[YOUR GOAL]:
Range to output from the entries below: the line containing "theory Defs" through the line containing "hist = (\<lambda>_.". Set it down exactly, ends included, nothing else.

[Stored items]
(* In every run of the algorithm described in the context, at every time and for every $i\in\{1,\dots,n\}$, we have $w\_sync_i[i]=\max\{w\_sync_i[j] : 1\le j\le n\}$.
   Context: Model. There are $n$ asynchronous processes $p_1,\dots,p_n$, of which up to $t<n/2$ may crash; a process runs its algorithm correctly until it crashes. Each ordered pair of processes is linked by a reliable (no loss, corruption, duplication or creation), asynchronous, not necessarily FIFO channel. $p_w$ is the single writer, invoking writes sequentially; $v_0$ is the initial value. Messages: $\textsc{write}(b,v)$ with $b\in\{0,1\}$, which stands for the two types $\textsc{write0}(v)$ and $\textsc{write1}(v)$; $\textsc{read}()$; $\textsc{proceed}()$. Variables of $p_i$. These are: $history_i$ with $history_i[0]=v_0$; $w\_sync_i[1..n]$, initially all $0$; $r\_sync_i[1..n]$, initially all $0$. $\mathsf{write}(v)$ by $p_w$: $wsn\gets w\_sync_w[w]+1$; $w\_sync_w[w]\gets wsn$; $history_w[wsn]\gets v$. Send $\textsc{write}(wsn\bmod 2,v)$ to each $p_j$ with $w\_sync_w[j]=wsn-1$. Wait until at least $n-t$ indices $j$ have $w\_sync_w[j]=wsn$. Return. $\mathsf{read}()$ by $p_i$: $r\_sync_i[i]\gets r\_sync_i[i]+1$ and call the new value $rsn$. Send $\textsc{read}()$ to all $p_j$ with $j\ne i$. Wait until at least $n-t$ indices $j$ have $r\_sync_i[j]=rsn$. Let $sn\gets w\_sync_i[i]$. Wait until at least $n-t$ indices $j$ have $w\_sync_i[j]\ge sn$. Return $history_i[sn]$. On receipt of $\textsc{write}(b,v)$ from $p_j$ at $p_i$: Wait until $b=(w\_sync_i[j]+1)\bmod 2$. Let $wsn\gets w\_sync_i[j]+1$. If $wsn=w\_sync_i[i]+1$, then set $w\_sync_i[i]\gets wsn$ and $history_i[wsn]\gets v$, and send $\textsc{write}(wsn\bmod 2,v)$ to each $p_\ell$ with $w\_sync_i[\ell]=wsn-1$. Else, if $wsn<w\_sync_i[i]$, send $\textsc{write}((wsn+1)\bmod 2,history_i[wsn+1])$ to $p_j$. Finally set $w\_sync_i[j]\gets wsn$. On receipt of $\textsc{read}()$ from $p_j$ at $p_i$: Let $sn\gets w\_sync_i[i]$; wait until $w\_sync_i[j]\ge sn$; send $\textsc{proceed}()$ to $p_j$. On receipt of $\textsc{proceed}()$ from $p_j$ at $p_i$: $r\_sync_i[j]\gets r\_sync_i[j]+1$. Message handlers run concurrently; a waiting handler does not block the reception of other messages. *)

theory Defs
  imports Main "HOL-Library.Multiset"
begin

text \<open>
  Processes are indexed by 1..n (natural numbers).
  Each code block that does not contain a wait (or the part of a handler following a
  satisfied wait) executes atomically.
\<close>

(* message WRITE b v (b in {0,1}), READ, PROCEED *)
datatype 'v msg = WRITE nat 'v | READ | PROCEED

datatype op_state =
    Idle
  | Writing nat      (* write with sequence number wsn, waiting for n-t acks *)
  | Reading1 nat     (* read with rsn, first wait *)
  | Reading2 nat     (* read with sn, second wait *)

(* handler instances that have received their message and are waiting *)
datatype 'v handler =
    HWrite nat nat 'v   (* sender j, bit b, value v : waiting until b = (w_sync[j]+1) mod 2 *)
  | HRead nat nat       (* sender j, sn : waiting until w_sync[j] >= sn *)

record 'v lstate =
  hist    :: "nat \<Rightarrow> 'v"
  wsync   :: "nat \<Rightarrow> nat"
  rsync   :: "nat \<Rightarrow> nat"
  opst    :: op_state
  pend    :: "'v handler multiset"
  crashed :: bool

record 'v config =
  loc  :: "nat \<Rightarrow> 'v lstate"
  chan :: "nat \<Rightarrow> nat \<Rightarrow> 'v msg multiset"   (* chan a b : messages in transit from p_a to p_b *)

definition send_to ::
  "nat \<Rightarrow> nat set \<Rightarrow> 'v msg \<Rightarrow> (nat \<Rightarrow> nat \<Rightarrow> 'v msg multiset) \<Rightarrow> (nat \<Rightarrow> nat \<Rightarrow> 'v msg multiset)" where
  "send_to i S m ch = (\<lambda>a b. if a = i \<and> b \<in> S then ch a b + {#m#} else ch a b)"

definition init_lstate :: "'v \<Rightarrow> 'v lstate" where
  "init_lstate v0 = \<lparr> hist = (\<lambda>_. undefined)(0 := v0), wsync = (\<lambda>_. 0), rsync = (\<lambda>_. 0),
                      opst = Idle, pend = {#}, crashed = False \<rparr>"

definition init_config :: "'v \<Rightarrow> 'v config" where
  "init_config v0 = \<lparr> loc = (\<lambda>_. init_lstate v0), chan = (\<lambda>_ _. {#}) \<rparr>"

(* one atomic step of the system; n processes, at most t crashes, writer w *)
inductive step :: "nat \<Rightarrow> nat \<Rightarrow> nat \<Rightarrow> 'v config \<Rightarrow> 'v config \<Rightarrow> bool"
  for n t w where

  crash:
  "\<lbrakk> i \<in> {1..n}; \<not> crashed (loc s i);
     card {j \<in> {1..n}. crashed (loc s j)} < t \<rbrakk>
   \<Longrightarrow> step n t w s (s\<lparr> loc := (loc s)(i := (loc s i)\<lparr> crashed := True \<rparr>) \<rparr>)"

| write_invoke:
  "\<lbrakk> \<not> crashed (loc s w); opst (loc s w) = Idle;
     wsn = wsync (loc s w) w + 1;
     ws' = (wsync (loc s w))(w := wsn) \<rbrakk>
   \<Longrightarrow> step n t w s
        \<lparr> loc = (loc s)(w := (loc s w)\<lparr> wsync := ws', hist := (hist (loc s w))(wsn := v),
                                        opst := Writing wsn \<rparr>),
          chan = send_to w {j \<in> {1..n}. ws' j = wsn - 1} (WRITE (wsn mod 2) v) (chan s) \<rparr>"

| write_return:
  "\<lbrakk> \<not> crashed (loc s w); opst (loc s w) = Writing wsn;
     card {j \<in> {1..n}. wsync (loc s w) j = wsn} \<ge> n - t \<rbrakk>
   \<Longrightarrow> step n t w s (s\<lparr> loc := (loc s)(w := (loc s w)\<lparr> opst := Idle \<rparr>) \<rparr>)"

| read_invoke:
  "\<lbrakk> i \<in> {1..n}; \<not> crashed (loc s i); opst (loc s i) = Idle;
     rsn = rsync (loc s i) i + 1 \<rbrakk>
   \<Longrightarrow> step n t w s
        \<lparr> loc = (loc s)(i := (loc s i)\<lparr> rsync := (rsync (loc s i))(i := rsn), opst := Reading1 rsn \<rparr>),
          chan = send_to i {j \<in> {1..n}. j \<noteq> i} READ (chan s) \<rparr>"

| read_phase2:
  "\<lbrakk> i \<in> {1..n}; \<not> crashed (loc s i); opst (loc s i) = Reading1 rsn;
     card {j \<in> {1..n}. rsync (loc s i) j = rsn} \<ge> n - t \<rbrakk>
   \<Longrightarrow> step n t w s (s\<lparr> loc := (loc s)(i := (loc s i)\<lparr> opst := Reading2 (wsync (loc s i) i) \<rparr>) \<rparr>)"

| read_return:
  "\<lbrakk> i \<in> {1..n}; \<not> crashed (loc s i); opst (loc s i) = Reading2 sn;
     card {j \<in> {1..n}. wsync (loc s i) j \<ge> sn} \<ge> n - t \<rbrakk>
   \<Longrightarrow> step n t w s (s\<lparr> loc := (loc s)(i := (loc s i)\<lparr> opst := Idle \<rparr>) \<rparr>)"
   (* the read returns hist (loc s i) sn *)

| recv_write:
  "\<lbrakk> i \<in> {1..n}; j \<in> {1..n}; \<not> crashed (loc s i); WRITE b v \<in># chan s j i \<rbrakk>
   \<Longrightarrow> step n t w s
        \<lparr> loc = (loc s)(i := (loc s i)\<lparr> pend := pend (loc s i) + {# HWrite j b v #} \<rparr>),
          chan = (chan s)(j := (chan s j)(i := chan s j i - {# WRITE b v #})) \<rparr>"

| recv_read:
  "\<lbrakk> i \<in> {1..n}; j \<in> {1..n}; \<not> crashed (loc s i); READ \<in># chan s j i \<rbrakk>
   \<Longrightarrow> step n t w s
        \<lparr> loc = (loc s)(i := (loc s i)\<lparr> pend := pend (loc s i) + {# HRead j (wsync (loc s i) i) #} \<rparr>),
          chan = (chan s)(j := (chan s j)(i := chan s j i - {# READ #})) \<rparr>"

| recv_proceed:
  "\<lbrakk> i \<in> {1..n}; j \<in> {1..n}; \<not> crashed (loc s i); PROCEED \<in># chan s j i \<rbrakk>
   \<Longrightarrow> step n t w s
        \<lparr> loc = (loc s)(i := (loc s i)\<lparr> rsync := (rsync (loc s i))(j := rsync (loc s i) j + 1) \<rparr>),
          chan = (chan s)(j := (chan s j)(i := chan s j i - {# PROCEED #})) \<rparr>"

| exec_write:
  "\<lbrakk> i \<in> {1..n}; \<not> crashed (loc s i); HWrite j b v \<in># pend (loc s i);
     b = (wsync (loc s i) j + 1) mod 2;
     wsn = wsync (loc s i) j + 1;
     ls = loc s i;
     (ls1, ch1) =
       (if wsn = wsync ls i + 1 then
          (let ws' = (wsync ls)(i := wsn) in
            (ls\<lparr> wsync := ws', hist := (hist ls)(wsn := v) \<rparr>,
             send_to i {l \<in> {1..n}. ws' l = wsn - 1} (WRITE (wsn mod 2) v) (chan s)))
        else if wsn < wsync ls i then
          (ls, send_to i {j} (WRITE ((wsn + 1) mod 2) (hist ls (wsn + 1))) (chan s))
        else (ls, chan s));
     ls2 = ls1\<lparr> wsync := (wsync ls1)(j := wsn), pend := pend ls - {# HWrite j b v #} \<rparr> \<rbrakk>
   \<Longrightarrow> step n t w s \<lparr> loc = (loc s)(i := ls2), chan = ch1 \<rparr>"

| exec_read:
  "\<lbrakk> i \<in> {1..n}; \<not> crashed (loc s i); HRead j sn \<in># pend (loc s i);
     wsync (loc s i) j \<ge> sn \<rbrakk>
   \<Longrightarrow> step n t w s
        \<lparr> loc = (loc s)(i := (loc s i)\<lparr> pend := pend (loc s i) - {# HRead j sn #} \<rparr>),
          chan = send_to i {j} PROCEED (chan s) \<rparr>"

(* a run: an infinite sequence of configurations starting in the initial configuration,
   each obtained from the previous one by a step or by stuttering (so finite runs are included) *)
definition is_run :: "nat \<Rightarrow> nat \<Rightarrow> nat \<Rightarrow> 'v \<Rightarrow> (nat \<Rightarrow> 'v config) \<Rightarrow> bool" where
  "is_run n t w v0 r \<longleftrightarrow>
     r 0 = init_config v0 \<and> (\<forall>k. step n t w (r k) (r (Suc k)) \<or> r (Suc k) = r k)"

end

theory Submission
  imports Defs
begin

text \<open>Only the handler of a write message from p_j changes an entry w_sync_i[j] with j \<noteq> i,
  and it raises it by exactly one. The invariant w_sync_i[j] \<le> w_sync_i[i] thus gives a new
  value wsn \<le> w_sync_i[i] + 1, and in the boundary case wsn = w_sync_i[i] + 1 the handler
  raises w_sync_i[i] to wsn in the same atomic step.\<close>

definition wsync_self_max :: "'v config \<Rightarrow> bool" where
  "wsync_self_max s \<longleftrightarrow> (\<forall>i j. wsync (loc s i) j \<le> wsync (loc s i) i)"

lemma run_invariant:
  assumes "is_run n t w v0 r"
    and "P (init_config v0)"
    and "\<And>s s'. step n t w s s' \<Longrightarrow> P s \<Longrightarrow> P s'"
  shows "P (r k)"
proof (induction k)
  case 0
  show ?case using assms(1,2) by (simp add: is_run_def)
next
  case (Suc k)
  then show ?case using assms(1,3) unfolding is_run_def by metis
qed

lemma wsync_self_max_init: "wsync_self_max (init_config v0)"
  by (simp add: wsync_self_max_def init_config_def init_lstate_def)

lemma wsync_self_max_step:
  assumes "step n t w s s'" "wsync_self_max s"
  shows "wsync_self_max s'"
  using assms
proof (induction rule: step.induct)
  case (exec_write i s j b v wsn ls ls1 ch1 ls2)
  have below: "\<And>a. wsync ls a \<le> wsync ls i"
    using exec_write.prems exec_write.hyps unfolding wsync_self_max_def by simp
  have "\<And>a. wsync ls2 a \<le> wsync ls2 i"
  proof (cases "wsn = wsync ls i + 1")
    case True
    then have "ls1 = ls\<lparr> wsync := (wsync ls)(i := wsn), hist := (hist ls)(wsn := v) \<rparr>"
      using exec_write.hyps by (simp add: Let_def)
    then show "\<And>a. wsync ls2 a \<le> wsync ls2 i"
      using exec_write.hyps True below by (auto simp: le_Suc_eq)
  next
    case False
    then have "ls1 = ls"
      using exec_write.hyps by (auto split: if_splits)
    moreover have "wsn \<le> wsync ls i"
      using False below[of j] exec_write.hyps by simp
    ultimately show "\<And>a. wsync ls2 a \<le> wsync ls2 i"
      using exec_write.hyps below by auto
  qed
  then show ?case
    using exec_write.prems unfolding wsync_self_max_def by auto
qed (auto simp: wsync_self_max_def le_Suc_eq)

lemma wsync_self_max_run:
  assumes "is_run n t w v0 r"
  shows "wsync_self_max (r k)"
  using assms wsync_self_max_init wsync_self_max_step by (rule run_invariant)

theorem lemma3:
  fixes n t w :: nat and v0 :: 'v and r :: "nat \<Rightarrow> 'v config"
  assumes "2 * t < n"
    and "w \<in> {1..n}"
    and "is_run n t w v0 r"
    and "i \<in> {1..n}"
  shows "wsync (loc (r k) i) i = Max ((\<lambda>j. wsync (loc (r k) i) j) ` {1..n})"
proof -
  have "\<And>j. wsync (loc (r k) i) j \<le> wsync (loc (r k) i) i"
    using wsync_self_max_run[OF assms(3)] unfolding wsync_self_max_def by blast
  then show ?thesis
    using assms(4) by (intro Max_eqI[symmetric]) auto
qed

end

[RESULT BELOW]:
theory Defs
  imports Main "HOL-Library.Multiset"
begin

text \<open>
  Processes are indexed by 1..n (natural numbers).
  Each code block that does not contain a wait (or the part of a handler following a
  satisfied wait) executes atomically.
\<close>

(* message WRITE b v (b in {0,1}), READ, PROCEED *)
datatype 'v msg = WRITE nat 'v | READ | PROCEED

datatype op_state =
    Idle
  | Writing nat      (* write with sequence number wsn, waiting for n-t acks *)
  | Reading1 nat     (* read with rsn, first wait *)
  | Reading2 nat     (* read with sn, second wait *)

(* handler instances that have received their message and are waiting *)
datatype 'v handler =
    HWrite nat nat 'v   (* sender j, bit b, value v : waiting until b = (w_sync[j]+1) mod 2 *)
  | HRead nat nat       (* sender j, sn : waiting until w_sync[j] >= sn *)

record 'v lstate =
  hist    :: "nat \<Rightarrow> 'v"
  wsync   :: "nat \<Rightarrow> nat"
  rsync   :: "nat \<Rightarrow> nat"
  opst    :: op_state
  pend    :: "'v handler multiset"
  crashed :: bool

record 'v config =
  loc  :: "nat \<Rightarrow> 'v lstate"
  chan :: "nat \<Rightarrow> nat \<Rightarrow> 'v msg multiset"   (* chan a b : messages in transit from p_a to p_b *)

definition send_to ::
  "nat \<Rightarrow> nat set \<Rightarrow> 'v msg \<Rightarrow> (nat \<Rightarrow> nat \<Rightarrow> 'v msg multiset) \<Rightarrow> (nat \<Rightarrow> nat \<Rightarrow> 'v msg multiset)" where
  "send_to i S m ch = (\<lambda>a b. if a = i \<and> b \<in> S then ch a b + {#m#} else ch a b)"

definition init_lstate :: "'v \<Rightarrow> 'v lstate" where
  "init_lstate v0 = \<lparr> hist = (\<lambda>_. undefined)(0 := v0), wsync = (\<lambda>_. 0), rsync = (\<lambda>_. 0),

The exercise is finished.